Butterfly Island by C.J. Tudor

3.5 stars. Good atmosphere/suspense. Curious about the rest of the story. Abrupt ending, but fitting. Genuine horror elements. 

Research by Tim Lebbon 

3 stars
Psychological horror. Weird and creepy people. Never fully trust your neighbours/aquantainces.

Swanskin by Alison Littlewood 

3 stars. Like a creepy fairytale. Trigger warning: animal cruelty. 

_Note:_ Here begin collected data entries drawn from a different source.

(* There is an absolute constant $C>0$ such that for every $\varepsilon\in(0,1/2)$, every $m\geq1$ and every family of $m$ linear orders $\leq_1,\dots,\leq_m$ on a finite set $V$, the $(1/2-\varepsilon)$-majority digraph of $(\leq_1,\dots,\leq_m)$ has domination number at most $C/\varepsilon^2$.
   Context: For $c\in[0,1]$, the $c$-majority digraph of linear orders $\leq_1,\dots,\leq_m$ on $V$ is the digraph on $V$ with an arc $xy$ ($x\neq y$) whenever $|\{i\in[m]:x<_iy\}|\geq cm$. The domination number of a digraph is the minimum size of a set $X$ such that every vertex $v$ is in $X$ or has an in-neighbour in $X$. *)

theory Defs
  imports Complex_Main
begin

definition strict_lt :: "'a rel \<Rightarrow> 'a \<Rightarrow> 'a \<Rightarrow> bool" where
  "strict_lt R x y \<longleftrightarrow> (x, y) \<in> R \<and> x \<noteq> y"

definition majority_arc :: "real \<Rightarrow> nat \<Rightarrow> (nat \<Rightarrow> 'a rel) \<Rightarrow> 'a set \<Rightarrow> 'a \<Rightarrow> 'a \<Rightarrow> bool" where
  "majority_arc c m L V x y \<longleftrightarrow> x \<in> V \<and> y \<in> V \<and> x \<noteq> y \<and>
     real (card {i. i < m \<and> strict_lt (L i) x y}) \<ge> c * real m"

definition dominating :: "'a set \<Rightarrow> ('a \<Rightarrow> 'a \<Rightarrow> bool) \<Rightarrow> 'a set \<Rightarrow> bool" where
  "dominating V E X \<longleftrightarrow> X \<subseteq> V \<and> (\<forall>v\<in>V. v \<in> X \<or> (\<exists>x\<in>X. E x v))"

definition domination_number :: "'a set \<Rightarrow> ('a \<Rightarrow> 'a \<Rightarrow> bool) \<Rightarrow> nat" where
  "domination_number V E = (LEAST k. \<exists>X. dominating V E X \<and> card X = k)"

end

theory Submission
  imports Defs "HOL-Analysis.Convex"
begin

(*
  A symmetric zero-sum game has nonnegative value.  Here the game lets the two players
  pick x and v in V, with payoff to x the fraction of the orders that put x below v, minus
  1/2.  Approachability with the potential (the sum of squared negative parts of the
  accumulated payoffs) gives a distribution p on V under which every v has, averaged over
  the orders, at least a 1/2 - eps/2 fraction of the mass of p below it.

  Sample every x independently with probability min 1 (lam * p x), lam = 100 / eps^2, and
  give it weight lam * p x divided by that probability.  Along each order the prefix sums
  of the centred weights form a martingale, so Doob's L^2 maximal inequality bounds their
  maximum; together with the variance of the total weight and the expected sample size
  this yields a sample S of fewer than 4 lam elements whose weights deviate by less than
  lam * eps / 2 from their means, uniformly over down-sets and on average over the orders.
  A vertex outside S that no element of S dominates would carry, below it, less than a
  1/2 - eps fraction of the sampled weight on average, contradicting the choice of p.
*)

section \<open>Symmetric games have nonnegative value\<close>

lemma sq_min_add_le:
  fixes a b :: real
  shows "(min (a + b) 0)\<^sup>2 \<le> (min a 0)\<^sup>2 + 2 * min a 0 * b + b\<^sup>2"
proof (cases "a \<le> 0")
  case True
  then have "(min (a + b) 0)\<^sup>2 \<le> (a + b)\<^sup>2"
    by (cases "a + b \<le> 0") (auto simp: min_def)
  with True show ?thesis by (simp add: min_def power2_eq_square algebra_simps)
next
  case False
  then have "(min (a + b) 0)\<^sup>2 \<le> b\<^sup>2"
    by (cases "a + b \<le> 0") (auto simp: min_def abs_le_square_iff[symmetric])
  with False show ?thesis by (simp add: min_def)
qed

That's The Spirit by Sarah Lotz

2 stars. Wtf is up with the open ending? Could've just been a regular and boring story. Makes you guess but i don't like having to guess. 

Gave by Michael Bailey

2 stars. An idea and something with counting things like an autistic rapstar. The concept of depopulation was interesting but not enough to make this one shine for me

Wherever you look by Ramsey Campbell

2 stars. Thought this was going to be a 1 Star rating. I couldn't get into the story due to the writing style of which the use of present tense was my main annoyance.. One bonus star for the ending.

Same Time Next Year by Angela Slatter

2.5 stars. Ghost story. Ended too quick to really leave an impression.

Mine Seven by Elana Gomel

4 stars. Nordic darkness combined with supernatural gore. Reminded me of 30 days Of Night, a movie I thoroughly enjoyed back in the day. This story makes me want to watch it again.

It Doesn't Feel Right by Michael Marshall Smith

3 stars. Kids from hell. Being a mother of a 3-year old with regular temper tantrums, I GET the horror of this story.

Creeping Ivy by Laura Purcell

3.5 stars. Madman or haunted? Loving the gothic atmosphere the manor brings. The first couple of pages were hard for me to get into, but it paid off nicely in the end.

Last Rights For The Fourth World by Rick Cross

1 star. I really could not connect with this story. The writing style, with all its technical and military terms, was a chore to get through. The use of 'foreign' language overdone. I didn't even understand the plot due to this white noise. 

We All Come Home by Simon Bestwick

4 stars. Even though it's nothing new/lacks originality, I enjoyed this one. Creeptastic. 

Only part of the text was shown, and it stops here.